One thing I learned, is that if you take the spraybar out of the water while the filter is running all of the air bubbles escape.


----------



## Andrew-amano-wannabe (Jun 29, 2005)

i hate air traps too! sometimes after a filter clean air will remain for long periods stuck in the filter material especially if you are using a pourous material siporax etc. also bubbles could be back feeding from your co2 reactor if the flow is being overpowered by the bar pressure.


----------



## anonapersona (Mar 11, 2004)

*Oxygen?*

After a water change the bubbles will be gasses coming out of solution from the main water lines.

In the late afternoon and evening the bubbles will be from oxygen produced by the plants.

It may be that your filter is plugged up or loaded up and the pressure drop is too great, causing even more gas to break out of solution.

Or, a slight leak as others have mentioned.


----------



## holocron (May 29, 2005)

yeah i really dont get it ... i have been monitoring it for a week or so now and its consistently releasing bubbles at night... never in the morning. I checked for pearling plants near the intake and there aren't any. I don't have a co2 reactor, so thats not the case. It's a real mystery. If there was a leak you think it would leak consistently throughout the day.

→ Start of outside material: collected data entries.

(* For every $n\ge 1$, $|\mathcal{ORCT}_n|=(n+1)2^{n-1}-n$.
   Context: $X_n=\{1,2,\dots,n\}$ with its usual order. A map $\alpha:X_n\to X_n$ is order-preserving if $x\le y$ implies $x\alpha\le y\alpha$, order-reversing if $x\le y$ implies $x\alpha\ge y\alpha$, and a contraction if $|x\alpha-y\alpha|\le|x-y|$ for all $x,y$. $\mathcal{ORCT}_n$ is the set of all maps $X_n\to X_n$ (defined on all of $X_n$) that are contractions and are either order-preserving or order-reversing. *)

theory Defs
  imports Main "HOL-Library.FuncSet"
begin

text \<open>Full transformations of X_n = {1..n} are represented as extensional
functions in PiE {1..n} (constant {1..n}) (value undefined outside X_n), so that
distinct maps correspond to distinct functions.\<close>

definition order_preserving_on :: "nat set \<Rightarrow> (nat \<Rightarrow> nat) \<Rightarrow> bool" where
  "order_preserving_on X f \<longleftrightarrow> (\<forall>x\<in>X. \<forall>y\<in>X. x \<le> y \<longrightarrow> f x \<le> f y)"

definition order_reversing_on :: "nat set \<Rightarrow> (nat \<Rightarrow> nat) \<Rightarrow> bool" where
  "order_reversing_on X f \<longleftrightarrow> (\<forall>x\<in>X. \<forall>y\<in>X. x \<le> y \<longrightarrow> f x \<ge> f y)"

definition contraction_on :: "nat set \<Rightarrow> (nat \<Rightarrow> nat) \<Rightarrow> bool" where
  "contraction_on X f \<longleftrightarrow>
     (\<forall>x\<in>X. \<forall>y\<in>X. \<bar>int (f x) - int (f y)\<bar> \<le> \<bar>int x - int y\<bar>)"

definition ORCT :: "nat \<Rightarrow> (nat \<Rightarrow> nat) set" where
  "ORCT n = {f \<in> {1..n} \<rightarrow>\<^sub>E {1..n}.
     contraction_on {1..n} f \<and>
     (order_preserving_on {1..n} f \<or> order_reversing_on {1..n} f)}"

end

theory Submission
  imports Defs
begin

text \<open>An order-preserving contraction of X_n moves up by 0 or 1 at each step, so it
is determined by its value a at 1 and the set S \<subseteq> {1..<n} of points after which it
steps up, subject only to a + |S| \<le> n. So |OCT_n| is the sum of n - |S| over all S,
and pairing each S with its complement in {1..<n} gives 2|OCT_n| = (n+1) 2^(n-1).
Composing with the reflection x \<mapsto> n + 1 - x matches order-preserving with
order-reversing contractions, and a map of both kinds is constant; inclusion-exclusion
finishes the count.\<close>

definition OCT :: "nat \<Rightarrow> (nat \<Rightarrow> nat) set" where
  "OCT n = {f \<in> {1..n} \<rightarrow>\<^sub>E {1..n}. contraction_on {1..n} f \<and> order_preserving_on {1..n} f}"

definition RCT :: "nat \<Rightarrow> (nat \<Rightarrow> nat) set" where
  "RCT n = {f \<in> {1..n} \<rightarrow>\<^sub>E {1..n}. contraction_on {1..n} f \<and> order_reversing_on {1..n} f}"

lemma ORCT_eq_OCT_Un_RCT: "ORCT n = OCT n \<union> RCT n"
  by (auto simp: ORCT_def OCT_def RCT_def)

lemma finite_OCT: "finite (OCT n)" and finite_RCT: "finite (RCT n)"
  unfolding OCT_def RCT_def
  by (rule finite_subset[OF _ finite_PiE[of "{1..n}" "\<lambda>_. {1..n}"]], auto)+

definition staircase :: "nat \<Rightarrow> nat \<Rightarrow> nat set \<Rightarrow> nat \<Rightarrow> nat" where
  "staircase n a S = (\<lambda>i. if i \<in> {1..n} then a + card (S \<inter> {..<i}) else undefined)"

lemma card_Int_lessThan_Suc:
  "card (S \<inter> {..<Suc i}) = card (S \<inter> {..<i}) + (if i \<in> S then 1 else 0)"
  by (simp add: lessThan_Suc Int_insert_right)

lemma card_Int_lessThan_mono:
  "(x::nat) \<le> y \<Longrightarrow> card (S \<inter> {..<x}) \<le> card (S \<inter> {..<y})"
  by (intro card_mono) auto

lemma card_Int_lessThan_le_add:
  "(x::nat) \<le> y \<Longrightarrow> card (S \<inter> {..<y}) \<le> card (S \<inter> {..<x}) + (y - x)"
proof (induction y rule: dec_induct)
  case (step m)
  then show ?case by (auto simp: card_Int_lessThan_Suc)
qed simp

lemma card_le_of_subset_atLeastLessThan: "S \<subseteq> {1..<n} \<Longrightarrow> card S \<le> n - 1"
  using card_mono[of "{1..<n}" S] by simp

lemma staircase_in_OCT:
  assumes S: "S \<subseteq> {1..<n}" and a: "1 \<le> a" "a + card S \<le> n"
  shows "staircase n a S \<in> OCT n"
proof -
  have "finite S" using S by (rule finite_subset) simp
  then have "a + card (S \<inter> {..<i}) \<le> n" for i
    using card_mono[of S "S \<inter> {..<i}"] a by auto
  then have "staircase n a S \<in> {1..n} \<rightarrow>\<^sub>E {1..n}"
    using a by (auto simp: staircase_def)
  moreover have "order_preserving_on {1..n} (staircase n a S)"
    by (auto simp: order_preserving_on_def staircase_def card_Int_lessThan_mono)
  moreover have "contraction_on {1..n} (staircase n a S)"
  proof -
    have "\<bar>int (card (S \<inter> {..<x})) - int (card (S \<inter> {..<y}))\<bar> \<le> \<bar>int x - int y\<bar>" for x y
      using card_Int_lessThan_le_add[of x y S] card_Int_lessThan_mono[of x y S]
        card_Int_lessThan_le_add[of y x S] card_Int_lessThan_mono[of y x S]
      by (cases "x \<le> y") linarith+
    then show ?thesis by (simp add: contraction_on_def staircase_def)
  qed
  ultimately show ?thesis by (simp add: OCT_def)
qed

lemma OCT_eq_staircase:
  assumes f: "f \<in> OCT n" and n: "1 \<le> n"
  defines "S \<equiv> {j \<in> {1..<n}. f (Suc j) \<noteq> f j}"
  shows "f = staircase n (f 1) S" and "1 \<le> f 1" and "f 1 + card S \<le> n"
proof -
  have PiE: "f \<in> {1..n} \<rightarrow>\<^sub>E {1..n}" and contr: "contraction_on {1..n} f"
    and mono: "order_preserving_on {1..n} f" using f by (auto simp: OCT_def)
  have f_eq: "f i = f 1 + card (S \<inter> {..<i})" if "1 \<le> i" "i \<le> n" for i
    using that
  proof (induction i rule: dec_induct)
    case base
    then show ?case by (auto simp: S_def lessThan_Suc)
  next
    case (step i)
    then have "i \<in> {1..n}" "Suc i \<in> {1..n}" by auto
    then have "f i \<le> f (Suc i)" "f (Suc i) \<le> f i + 1"
      using mono contr unfolding order_preserving_on_def contraction_on_def
      by (fastforce, force)
    moreover have "i \<in> S \<longleftrightarrow> f (Suc i) \<noteq> f i" using step by (auto simp: S_def)
    ultimately show ?case using step by (auto simp: card_Int_lessThan_Suc)
  qed
  show "f = staircase n (f 1) S"
  proof
    fix i show "f i = staircase n (f 1) S i"
      using f_eq[of i] PiE by (cases "i \<in> {1..n}") (auto simp: staircase_def)
  qed
  have "S \<inter> {..<n} = S" by (auto simp: S_def)
  then have "f n = f 1 + card S" using f_eq[of n] n by simp
  moreover have "f n \<le> n" "1 \<le> f 1" using PiE n by auto
  ultimately show "1 \<le> f 1" "f 1 + card S \<le> n" by simp_all
qed

lemma staircase_inject:
  assumes "S \<subseteq> {1..<n}" "S' \<subseteq> {1..<n}" "1 \<le> n"
    and eq: "staircase n a S = staircase n a' S'"
  shows "a = a'" and "S = S'"
proof -
  have val: "a + card (S \<inter> {..<i}) = a' + card (S' \<inter> {..<i})" if "i \<in> {1..n}" for i
    using fun_cong[OF eq, of i] that by (simp add: staircase_def)
  have "S \<inter> {..<1} = {}" "S' \<inter> {..<1} = {}" using assms(1,2) by auto
  moreover have "1 \<in> {1..n}" using \<open>1 \<le> n\<close> by simp
  ultimately show "a = a'" using val by (metis add.right_neutral card.empty)
  have "i \<in> S \<longleftrightarrow> i \<in> S'" for i
  proof (cases "i \<in> {1..<n}")
    case True
    then have "a + card (S \<inter> {..<Suc i}) = a' + card (S' \<inter> {..<Suc i})"
      and "a + card (S \<inter> {..<i}) = a' + card (S' \<inter> {..<i})"
      using val by auto
    then show ?thesis
      using \<open>a = a'\<close> by (simp add: card_Int_lessThan_Suc split: if_splits)
  qed (use assms(1,2) in auto)
  then show "S = S'" by auto
qed

lemma bij_betw_staircase_OCT:
  assumes n: "1 \<le> n"
  shows "bij_betw (\<lambda>(S, a). staircase n a S) (SIGMA S:Pow {1..<n}. {1..n - card S}) (OCT n)"
proof (rule bij_betw_imageI)
  show "inj_on (\<lambda>(S, a). staircase n a S) (SIGMA S:Pow {1..<n}. {1..n - card S})"
  proof (rule inj_onI)
    fix p q
    assume "p \<in> (SIGMA S:Pow {1..<n}. {1..n - card S})" "q \<in> (SIGMA S:Pow {1..<n}. {1..n - card S})"
      "(\<lambda>(S, a). staircase n a S) p = (\<lambda>(S, a). staircase n a S) q"
    moreover obtain S a S' a' where pq: "p = (S, a)" "q = (S', a')" by fastforce
    ultimately have "S \<subseteq> {1..<n}" "S' \<subseteq> {1..<n}" "staircase n a S = staircase n a' S'"
      by auto
    from staircase_inject[OF this(1,2) n this(3)] show "p = q" by (simp add: pq)
  qed
  show "(\<lambda>(S, a). staircase n a S) ` (SIGMA S:Pow {1..<n}. {1..n - card S}) = OCT n"
  proof (intro equalityI subsetI)
    fix f assume f: "f \<in> OCT n"
    define S where "S = {j \<in> {1..<n}. f (Suc j) \<noteq> f j}"
    have "(S, f 1) \<in> (SIGMA S:Pow {1..<n}. {1..n - card S})"
      using OCT_eq_staircase(2,3)[OF f n] unfolding S_def by auto
    moreover have "f = (\<lambda>(S, a). staircase n a S) (S, f 1)"
      using OCT_eq_staircase(1)[OF f n] unfolding S_def by simp
    ultimately show "f \<in> (\<lambda>(S, a). staircase n a S) ` (SIGMA S:Pow {1..<n}. {1..n - card S})"
      by (rule rev_image_eqI)
  next
    fix f assume "f \<in> (\<lambda>(S, a). staircase n a S) ` (SIGMA S:Pow {1..<n}. {1..n - card S})"
    then obtain S a where S: "S \<subseteq> {1..<n}" and a: "a \<in> {1..n - card S}"
      and f: "f = staircase n a S" by auto
    have "card S \<le> n - 1" using S by (rule card_le_of_subset_atLeastLessThan)
    with a have "1 \<le> a" "a + card S \<le> n" by auto
    with S show "f \<in> OCT n" unfolding f by (rule staircase_in_OCT)
  qed
qed

lemma card_OCT: "1 \<le> n \<Longrightarrow> card (OCT n) = (\<Sum>S\<in>Pow {1..<n}. n - card S)"
  using bij_betw_same_card[OF bij_betw_staircase_OCT] by (simp add: card_SigmaI)

lemma double_sum_Pow_diff_card:
  assumes "1 \<le> n"
  shows "2 * (\<Sum>S\<in>Pow {1..<n}. n - card S) = (n + 1) * 2 ^ (n - 1)"
proof -
  let ?A = "{1..<n}"
  have card_le: "card S \<le> n - 1" if "S \<in> Pow ?A" for S
    using that card_le_of_subset_atLeastLessThan by blast
  have "(\<Sum>S\<in>Pow ?A. n - card S) = (\<Sum>S\<in>Pow ?A. n - card (?A - S))"
    by (rule sum.reindex_bij_witness[where i = "\<lambda>S. ?A - S" and j = "\<lambda>S. ?A - S"])
       (auto simp: Diff_Diff_Int Int_absorb1)
  also have "\<dots> = (\<Sum>S\<in>Pow ?A. 1 + card S)"
  proof (rule sum.cong)
    fix S assume "S \<in> Pow ?A"
    with card_le[of S] assms show "n - card (?A - S) = 1 + card S"
      by (auto simp: card_Diff_subset finite_subset)
  qed simp
  finally have "2 * (\<Sum>S\<in>Pow ?A. n - card S)
      = (\<Sum>S\<in>Pow ?A. n - card S) + (\<Sum>S\<in>Pow ?A. 1 + card S)"
    by (simp only: mult_2)
  also have "\<dots> = (\<Sum>S\<in>Pow ?A. (n - card S) + (1 + card S))"
    by (rule sum.distrib[symmetric])
  also have "\<dots> = (\<Sum>S\<in>Pow ?A. n + 1)"
  proof (rule sum.cong)
    fix S assume "S \<in> Pow ?A"
    with card_le[of S] assms show "n - card S + (1 + card S) = n + 1" by simp
  qed simp
  finally show ?thesis by (simp add: card_Pow)
qed

definition reflect :: "nat \<Rightarrow> (nat \<Rightarrow> nat) \<Rightarrow> nat \<Rightarrow> nat" where
  "reflect n f = (\<lambda>i. if i \<in> {1..n} then n + 1 - f i else undefined)"

lemma reflect_reflect:
  assumes "f \<in> {1..n} \<rightarrow>\<^sub>E {1..n}"
  shows "reflect n (reflect n f) = f"
proof
  fix i show "reflect n (reflect n f) i = f i"
  proof (cases "i \<in> {1..n}")
    case True
    then have "f i \<le> n" using assms by auto
    with True show ?thesis by (simp add: reflect_def)
  next
    case False
    then show ?thesis using PiE_arb[OF assms False] by (auto simp: reflect_def)
  qed
qed

lemma reflect_PiE:
  assumes "f \<in> {1..n} \<rightarrow>\<^sub>E {1..n}"
  shows "reflect n f \<in> {1..n} \<rightarrow>\<^sub>E {1..n}"
proof (rule PiE_I)
  fix x assume "x \<in> {1..n}"
  moreover from this have "f x \<in> {1..n}" using assms by blast
  ultimately show "reflect n f x \<in> {1..n}" by (auto simp: reflect_def)
qed (auto simp: reflect_def)

lemma contraction_on_reflect:
  assumes "f \<in> {1..n} \<rightarrow>\<^sub>E {1..n}" "contraction_on {1..n} f"
  shows "contraction_on {1..n} (reflect n f)"
  unfolding contraction_on_def
proof (intro ballI)
  fix x y assume xy: "x \<in> {1..n}" "y \<in> {1..n}"
  then have "f x \<le> n" "f y \<le> n" using assms(1) by auto
  then have "\<bar>int (reflect n f x) - int (reflect n f y)\<bar> = \<bar>int (f x) - int (f y)\<bar>"
    using xy by (simp add: reflect_def of_nat_diff)
  then show "\<bar>int (reflect n f x) - int (reflect n f y)\<bar> \<le> \<bar>int x - int y\<bar>"
    using assms(2) xy by (simp add: contraction_on_def)
qed

lemma order_reversing_on_reflect:
  "order_preserving_on {1..n} f \<Longrightarrow> order_reversing_on {1..n} (reflect n f)"
  by (auto simp: order_preserving_on_def order_reversing_on_def reflect_def intro!: diff_le_mono2)

lemma order_preserving_on_reflect:
  assumes "f \<in> {1..n} \<rightarrow>\<^sub>E {1..n}" "order_reversing_on {1..n} f"
  shows "order_preserving_on {1..n} (reflect n f)"
  unfolding order_preserving_on_def
proof (intro ballI impI)
  fix x y assume xy: "x \<in> {1..n}" "y \<in> {1..n}" "x \<le> y"
  then have "f y \<le> f x" "f x \<le> n"
    using assms by (auto simp: order_reversing_on_def)
  then show "reflect n f x \<le> reflect n f y" using xy by (simp add: reflect_def)
qed

lemma card_RCT: "card (RCT n) = card (OCT n)"
proof -
  have "reflect n (reflect n f) = f" if "f \<in> OCT n \<union> RCT n" for f
    using that reflect_reflect[of f n] by (auto simp: OCT_def RCT_def)
  moreover have "reflect n f \<in> RCT n" if "f \<in> OCT n" for f
    using that reflect_PiE[of f n] contraction_on_reflect[of f n] order_reversing_on_reflect[of n f]
    by (simp add: OCT_def RCT_def)
  moreover have "reflect n f \<in> OCT n" if "f \<in> RCT n" for f
    using that reflect_PiE[of f n] contraction_on_reflect[of f n] order_preserving_on_reflect[of f n]
    by (simp add: OCT_def RCT_def)
  ultimately have "bij_betw (reflect n) (OCT n) (RCT n)"
    by (intro bij_betw_byWitness[where f' = "reflect n"]) auto
  then show ?thesis by (simp add: bij_betw_same_card)
qed

lemma const_in_OCT_Int_RCT: "c \<in> {1..n} \<Longrightarrow> (\<lambda>i\<in>{1..n}. c) \<in> OCT n \<inter> RCT n"
  by (simp add: OCT_def RCT_def contraction_on_def order_preserving_on_def order_reversing_on_def)

lemma OCT_Int_RCT:
  assumes "1 \<le> n"
  shows "OCT n \<inter> RCT n = (\<lambda>c. \<lambda>i\<in>{1..n}. c) ` {1..n}"
proof (intro equalityI subsetI)
  fix f assume f: "f \<in> OCT n \<inter> RCT n"
  then have PiE: "f \<in> {1..n} \<rightarrow>\<^sub>E {1..n}" by (simp add: OCT_def)
  have "f 1 \<le> f i" "f i \<le> f 1" if i: "i \<in> {1..n}" for i
  proof -
    have "1 \<in> {1..n}" "1 \<le> i" using assms i by auto
    then show "f 1 \<le> f i" "f i \<le> f 1"
      using f i unfolding OCT_def RCT_def order_preserving_on_def order_reversing_on_def by blast+
  qed
  then have "f = (\<lambda>i\<in>{1..n}. f 1)"
    using PiE_arb[OF PiE] by (intro ext) (simp add: le_antisym)
  moreover have "f 1 \<in> {1..n}" using PiE assms by auto
  ultimately show "f \<in> (\<lambda>c. \<lambda>i\<in>{1..n}. c) ` {1..n}" by blast
qed (use const_in_OCT_Int_RCT in blast)

lemma card_OCT_Int_RCT:
  assumes "1 \<le> n"
  shows "card (OCT n \<inter> RCT n) = n"
proof -
  have "inj_on (\<lambda>c. \<lambda>i\<in>{1..n}. c) {1..n}"
  proof (rule inj_onI)
    fix c d assume "(\<lambda>i\<in>{1..n}. c) = (\<lambda>i\<in>{1..n}. d)"
    from fun_cong[OF this, of 1] assms show "c = d" by simp
  qed
  then show ?thesis by (simp add: OCT_Int_RCT[OF assms] card_image)
qed

theorem corollary3p6:
  fixes n :: nat
  assumes "n \<ge> 1"
  shows "card (ORCT n) = (n + 1) * 2 ^ (n - 1) - n"
proof -
  have "card (ORCT n) + n = card (OCT n) + card (RCT n)"
    using card_Un_Int[OF finite_OCT finite_RCT] card_OCT_Int_RCT[OF assms]
    by (simp add: ORCT_eq_OCT_Un_RCT)
  also have "\<dots> = (n + 1) * 2 ^ (n - 1)"
    using card_RCT card_OCT[OF assms] double_sum_Pow_diff_card[OF assms] by simp
  finally show ?thesis by simp
qed

end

i don't know whats going on.


----------



## stcyrwm (Apr 20, 2005)

holocron said:


> yeah i really dont get it ... i have been monitoring it for a week or so now and its consistently releasing bubbles at night... never in the morning. I checked for pearling plants near the intake and there aren't any. I don't have a co2 reactor, so thats not the case. It's a real mystery. If there was a leak you think it would leak consistently throughout the day.
> 
> i don't know whats going on.


My Eheim Ecco does the same thing. I don't have a lot of pearling in that tank right now but I'm assuming the oxygen levels are building up throughout the day and then getting partially trapped in the filter until it starts blowing little bubbles. As the night wears on the oxygen levels drop and the bubbles stop, only to start again the next day. I think it's a good sign of a healthy planted tank.

Bill


----------



## holocron (May 29, 2005)

hehe... well if thats the case I'm not to worried! 

thanks bill


----------